» TASK TO COMPLETE:
Nothing in the records should be left out; transcribe them exactly.

==== RECORDS PROVIDED ====

lemma lcs_bounded_encode_grid_word:
  assumes "set L \<union> set L' \<subseteq> {..<R}" "lcs_bounded L L' b"
  shows "lcs_bounded (encode_word k Q R (grid_word P Q dx dy L)) (encode_word k Q R (grid_word P Q dx' dy' L'))
           ((if dx = dx' then P else 1) * ((if dy = dy' then Q else 1) * b))"
  using assms set_grid_word[of P Q dx dy L] set_grid_word[of P Q dx' dy' L']
  by (intro lcs_bounded_encode_word[where P = P] lcs_bounded_grid_word) auto

lemma encode_grid_word_in_multiperms:
  assumes "set L \<subseteq> {..<R}" "\<forall>z<R. count_list L z = s" "k \<le> P * Q * R"
  shows "encode_word k Q R (grid_word P Q dx dy L) \<in> multiperms k (\<lambda>_. s)"
  using assms set_grid_word[of P Q dx dy L]
  by (intro encode_word_in_multiperms) (auto simp: count_list_grid_word)

lemma LCS2_4_multiperms_le:
  assumes "0 < s" "k \<le> P * Q * R"
    and M: "M = max (P * (2 * s - 1)) (max (Q * s) (s + R - 1))" and "M < k * s"
  shows "LCS2 4 (multiperms k (\<lambda>_. s)) \<le> M"
proof -
  let ?word = "\<lambda>dx dy L. encode_word k Q R (grid_word P Q dx dy L)"
  let ?up = "[0..<R]"
  define A where "A = ?word True True (stutter s ?up)"
  define B where "B = ?word True False (stutter s (rev ?up))"
  define C where "C = ?word False True (concat (replicate s (rev ?up)))"
  define D where "D = ?word False False (concat (replicate s ?up))"
  have sets: "set (stutter s ?up) \<subseteq> {..<R}" "set (stutter s (rev ?up)) \<subseteq> {..<R}"
      "set (concat (replicate s ?up)) \<subseteq> {..<R}" "set (concat (replicate s (rev ?up))) \<subseteq> {..<R}"
    using set_stutter[of s ?up] set_stutter[of s "rev ?up"] by auto
  have bounds: "P * (2 * s - 1) \<le> M" "Q * s \<le> M" "s + R - 1 \<le> M" unfolding M by simp_all
  have "P * s \<le> P * (2 * s - 1)" using assms(1) by (intro mult_le_mono2) linarith
  with bounds(1) have "P * s \<le> M" by (rule le_trans[rotated])
  show ?thesis
  proof (rule LCS2_4_le[OF finite_multiperms])
    show "\<forall>w\<in>multiperms k (\<lambda>_. s). M < length w"
      using \<open>M < k * s\<close> by (simp add: length_multiperms)
    show "A \<in> multiperms k (\<lambda>_. s)" "B \<in> multiperms k (\<lambda>_. s)"
      "C \<in> multiperms k (\<lambda>_. s)" "D \<in> multiperms k (\<lambda>_. s)"
      unfolding A_def B_def C_def D_def using sets assms(2)
      by (auto intro!: encode_grid_word_in_multiperms
          simp: count_list_stutter count_list_concat_replicate count_list_upt)
    show "lcs_bounded A B M" unfolding A_def B_def
      by (rule lcs_bounded_mono[OF lcs_bounded_encode_grid_word[OF _ lcs_bounded_stutter_rev]])
        (use sets \<open>P * s \<le> M\<close> in auto)
    show "lcs_bounded A C M" unfolding A_def C_def
      by (rule lcs_bounded_mono[OF lcs_bounded_encode_grid_word[OF _
            lcs_bounded_stutter_concat_replicate_rev]]) (use sets bounds assms(1) in auto)
    show "lcs_bounded A D M" unfolding A_def D_def
      by (rule lcs_bounded_mono[OF lcs_bounded_encode_grid_word[OF _
            lcs_bounded_stutter_concat_replicate]]) (use sets bounds assms(1) in auto)
    show "lcs_bounded B C M" unfolding B_def C_def
      by (rule lcs_bounded_mono[OF lcs_bounded_encode_grid_word[OF _
            lcs_bounded_stutter_rev_concat_replicate_rev]]) (use sets bounds assms(1) in auto)
    show "lcs_bounded B D M" unfolding B_def D_def
      by (rule lcs_bounded_mono[OF lcs_bounded_encode_grid_word[OF _
            lcs_bounded_stutter_rev_concat_replicate]]) (use sets bounds assms(1) in auto)
    show "lcs_bounded C D M" unfolding C_def D_def
      by (rule lcs_bounded_mono[OF lcs_bounded_encode_grid_word[OF _
            lcs_bounded_concat_replicate_rev]]) (use sets bounds assms(1) in auto)
  qed
qed

section \<open>Choosing the dimensions of the box\<close>

lemma nat_floor_divide_bounds:
  fixes a d :: real
  assumes "0 \<le> a" "0 < d"
  shows "real (nat \<lfloor>a / d\<rfloor>) * d \<le> a" "a / d - 1 < real (nat \<lfloor>a / d\<rfloor>)"
proof -
  have eq: "real (nat \<lfloor>a / d\<rfloor>) = of_int \<lfloor>a / d\<rfloor>" using assms by simp
  have "of_int \<lfloor>a / d\<rfloor> \<le> a / d" by (rule of_int_floor_le)
  then show "real (nat \<lfloor>a / d\<rfloor>) * d \<le> a" using assms(2) by (simp add: eq le_divide_eq)
  show "a / d - 1 < real (nat \<lfloor>a / d\<rfloor>)" unfolding eq by (rule real_of_int_floor_gt_diff_one)
qed

lemma cubic_lt_product:
  fixes s u p q r :: real
  assumes "1 \<le> s" "1 \<le> u" "u - 1/6 < p" "2 * u + 2/3 < q" "2 * s * u + 2/3 * s < r"
  shows "4 * s * u ^ 3 < p * q * r"
proof -
  have "1 \<le> u ^ 2" using assms(2) by (rule one_le_power)
  then have "4 * s * u ^ 3 \<le> 4 * s * (u ^ 3 + u ^ 2 / 2 - 1/54)"
    using assms(1) by (intro mult_left_mono) auto
  also have "\<dots> = (u - 1/6) * (2 * u + 2/3) * (2 * s * u + 2/3 * s)"
    by (simp add: algebra_simps power3_eq_cube power2_eq_square)
  also have "\<dots> < p * q * r"
    using assms by (intro mult_strict_mono) auto
  finally show ?thesis .
qed

lemma nat_floor_sub_bounds:
  fixes T :: real and s :: nat
  assumes "real s \<le> T"
  shows "real (s + (nat \<lfloor>T\<rfloor> + 1 - s) - 1) \<le> T" "T - real s < real (nat \<lfloor>T\<rfloor> + 1 - s)"
proof -
  have fl: "real (nat \<lfloor>T\<rfloor>) \<le> T" "T - 1 < real (nat \<lfloor>T\<rfloor>)"
    using nat_floor_divide_bounds[of T 1] assms by auto
  have "s \<le> nat \<lfloor>T\<rfloor>" using assms by (simp add: le_nat_floor)
  then have "s + (nat \<lfloor>T\<rfloor> + 1 - s) - 1 = nat \<lfloor>T\<rfloor>"
    "real (nat \<lfloor>T\<rfloor> + 1 - s) = real (nat \<lfloor>T\<rfloor>) + 1 - real s"
    by (auto simp: of_nat_diff)
  then show "real (s + (nat \<lfloor>T\<rfloor> + 1 - s) - 1) \<le> T" "T - real s < real (nat \<lfloor>T\<rfloor> + 1 - s)"
    using fl by linarith+
qed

====

» SOLUTION FOR THIS PROBLEM:
lemma lcs_bounded_encode_grid_word:
  assumes "set L \<union> set L' \<subseteq> {..<R}" "lcs_bounded L L' b"
  shows "lcs_bounded (encode_word k Q R (grid_word P Q dx dy L)) (encode_word k Q R (grid_word P Q dx' dy' L'))
           ((if dx = dx' then P else 1) * ((if dy = dy' then Q else 1) * b))"
  using assms set_grid_word[of P Q dx dy L] set_grid_word[of P Q dx' dy' L']
  by (intro lcs_bounded_encode_word[where P = P] lcs_bounded_grid_word) auto

lemma encode_grid_word_in_multiperms:
  assumes "set L \<subseteq> {..<R}" "\<forall>z<R. count_list L z = s" "k \<le> P * Q * R"
  shows "encode_word k Q R (grid_word P Q dx dy L) \<in> multiperms k (\<lambda>_. s)"
  using assms set_grid_word[of P Q dx dy L]
  by (intro encode_word_in_multiperms) (auto simp: count_list_grid_word)

lemma LCS2_4_multiperms_le:
  assumes "0 < s" "k \<le> P * Q * R"
    and M: "M = max (P * (2 * s - 1)) (max (Q * s) (s + R - 1))" and "M < k * s"
  shows "LCS2 4 (multiperms k (\<lambda>_. s)) \<le> M"
proof -
  let ?word = "\<lambda>dx dy L. encode_word k Q R (grid_word P Q dx dy L)"
  let ?up = "[0..<R]"
  define A where "A = ?word True True (stutter s ?up)"
  define B where "B = ?word True False (stutter s (rev ?up))"
  define C where "C = ?word False True (concat (replicate s (rev ?up)))"
  define D where "D = ?word False False (concat (replicate s ?up))"
  have sets: "set (stutter s ?up) \<subseteq> {..<R}" "set (stutter s (rev ?up)) \<subseteq> {..<R}"
      "set (concat (replicate s ?up)) \<subseteq> {..<R}" "set (concat (replicate s (rev ?up))) \<subseteq> {..<R}"
    using set_stutter[of s ?up] set_stutter[of s "rev ?up"] by auto
  have bounds: "P * (2 * s - 1) \<le> M" "Q * s \<le> M" "s + R - 1 \<le> M" unfolding M by simp_all
  have "P * s \<le> P * (2 * s - 1)" using assms(1) by (intro mult_le_mono2) linarith
  with bounds(1) have "P * s \<le> M" by (rule le_trans[rotated])
  show ?thesis
  proof (rule LCS2_4_le[OF finite_multiperms])
    show "\<forall>w\<in>multiperms k (\<lambda>_. s). M < length w"
      using \<open>M < k * s\<close> by (simp add: length_multiperms)
    show "A \<in> multiperms k (\<lambda>_. s)" "B \<in> multiperms k (\<lambda>_. s)"
      "C \<in> multiperms k (\<lambda>_. s)" "D \<in> multiperms k (\<lambda>_. s)"
      unfolding A_def B_def C_def D_def using sets assms(2)
      by (auto intro!: encode_grid_word_in_multiperms
          simp: count_list_stutter count_list_concat_replicate count_list_upt)
    show "lcs_bounded A B M" unfolding A_def B_def
      by (rule lcs_bounded_mono[OF lcs_bounded_encode_grid_word[OF _ lcs_bounded_stutter_rev]])
        (use sets \<open>P * s \<le> M\<close> in auto)
    show "lcs_bounded A C M" unfolding A_def C_def
      by (rule lcs_bounded_mono[OF lcs_bounded_encode_grid_word[OF _
            lcs_bounded_stutter_concat_replicate_rev]]) (use sets bounds assms(1) in auto)
    show "lcs_bounded A D M" unfolding A_def D_def
      by (rule lcs_bounded_mono[OF lcs_bounded_encode_grid_word[OF _
            lcs_bounded_stutter_concat_replicate]]) (use sets bounds assms(1) in auto)
    show "lcs_bounded B C M" unfolding B_def C_def
      by (rule lcs_bounded_mono[OF lcs_bounded_encode_grid_word[OF _
            lcs_bounded_stutter_rev_concat_replicate_rev]]) (use sets bounds assms(1) in auto)
    show "lcs_bounded B D M" unfolding B_def D_def
      by (rule lcs_bounded_mono[OF lcs_bounded_encode_grid_word[OF _
            lcs_bounded_stutter_rev_concat_replicate]]) (use sets bounds assms(1) in auto)
    show "lcs_bounded C D M" unfolding C_def D_def
      by (rule lcs_bounded_mono[OF lcs_bounded_encode_grid_word[OF _
            lcs_bounded_concat_replicate_rev]]) (use sets bounds assms(1) in auto)
  qed
qed

section \<open>Choosing the dimensions of the box\<close>

lemma nat_floor_divide_bounds:
  fixes a d :: real
  assumes "0 \<le> a" "0 < d"
  shows "real (nat \<lfloor>a / d\<rfloor>) * d \<le> a" "a / d - 1 < real (nat \<lfloor>a / d\<rfloor>)"
proof -
  have eq: "real (nat \<lfloor>a / d\<rfloor>) = of_int \<lfloor>a / d\<rfloor>" using assms by simp
  have "of_int \<lfloor>a / d\<rfloor> \<le> a / d" by (rule of_int_floor_le)
  then show "real (nat \<lfloor>a / d\<rfloor>) * d \<le> a" using assms(2) by (simp add: eq le_divide_eq)
  show "a / d - 1 < real (nat \<lfloor>a / d\<rfloor>)" unfolding eq by (rule real_of_int_floor_gt_diff_one)
qed

lemma cubic_lt_product:
  fixes s u p q r :: real
  assumes "1 \<le> s" "1 \<le> u" "u - 1/6 < p" "2 * u + 2/3 < q" "2 * s * u + 2/3 * s < r"
  shows "4 * s * u ^ 3 < p * q * r"
proof -
  have "1 \<le> u ^ 2" using assms(2) by (rule one_le_power)
  then have "4 * s * u ^ 3 \<le> 4 * s * (u ^ 3 + u ^ 2 / 2 - 1/54)"
    using assms(1) by (intro mult_left_mono) auto
  also have "\<dots> = (u - 1/6) * (2 * u + 2/3) * (2 * s * u + 2/3 * s)"
    by (simp add: algebra_simps power3_eq_cube power2_eq_square)
  also have "\<dots> < p * q * r"
    using assms by (intro mult_strict_mono) auto
  finally show ?thesis .
qed

lemma nat_floor_sub_bounds:
  fixes T :: real and s :: nat
  assumes "real s \<le> T"
  shows "real (s + (nat \<lfloor>T\<rfloor> + 1 - s) - 1) \<le> T" "T - real s < real (nat \<lfloor>T\<rfloor> + 1 - s)"
proof -
  have fl: "real (nat \<lfloor>T\<rfloor>) \<le> T" "T - 1 < real (nat \<lfloor>T\<rfloor>)"
    using nat_floor_divide_bounds[of T 1] assms by auto
  have "s \<le> nat \<lfloor>T\<rfloor>" using assms by (simp add: le_nat_floor)
  then have "s + (nat \<lfloor>T\<rfloor> + 1 - s) - 1 = nat \<lfloor>T\<rfloor>"
    "real (nat \<lfloor>T\<rfloor> + 1 - s) = real (nat \<lfloor>T\<rfloor>) + 1 - real s"
    by (auto simp: of_nat_diff)
  then show "real (s + (nat \<lfloor>T\<rfloor> + 1 - s) - 1) \<le> T" "T - real s < real (nat \<lfloor>T\<rfloor> + 1 - s)"
    using fl by linarith+
qed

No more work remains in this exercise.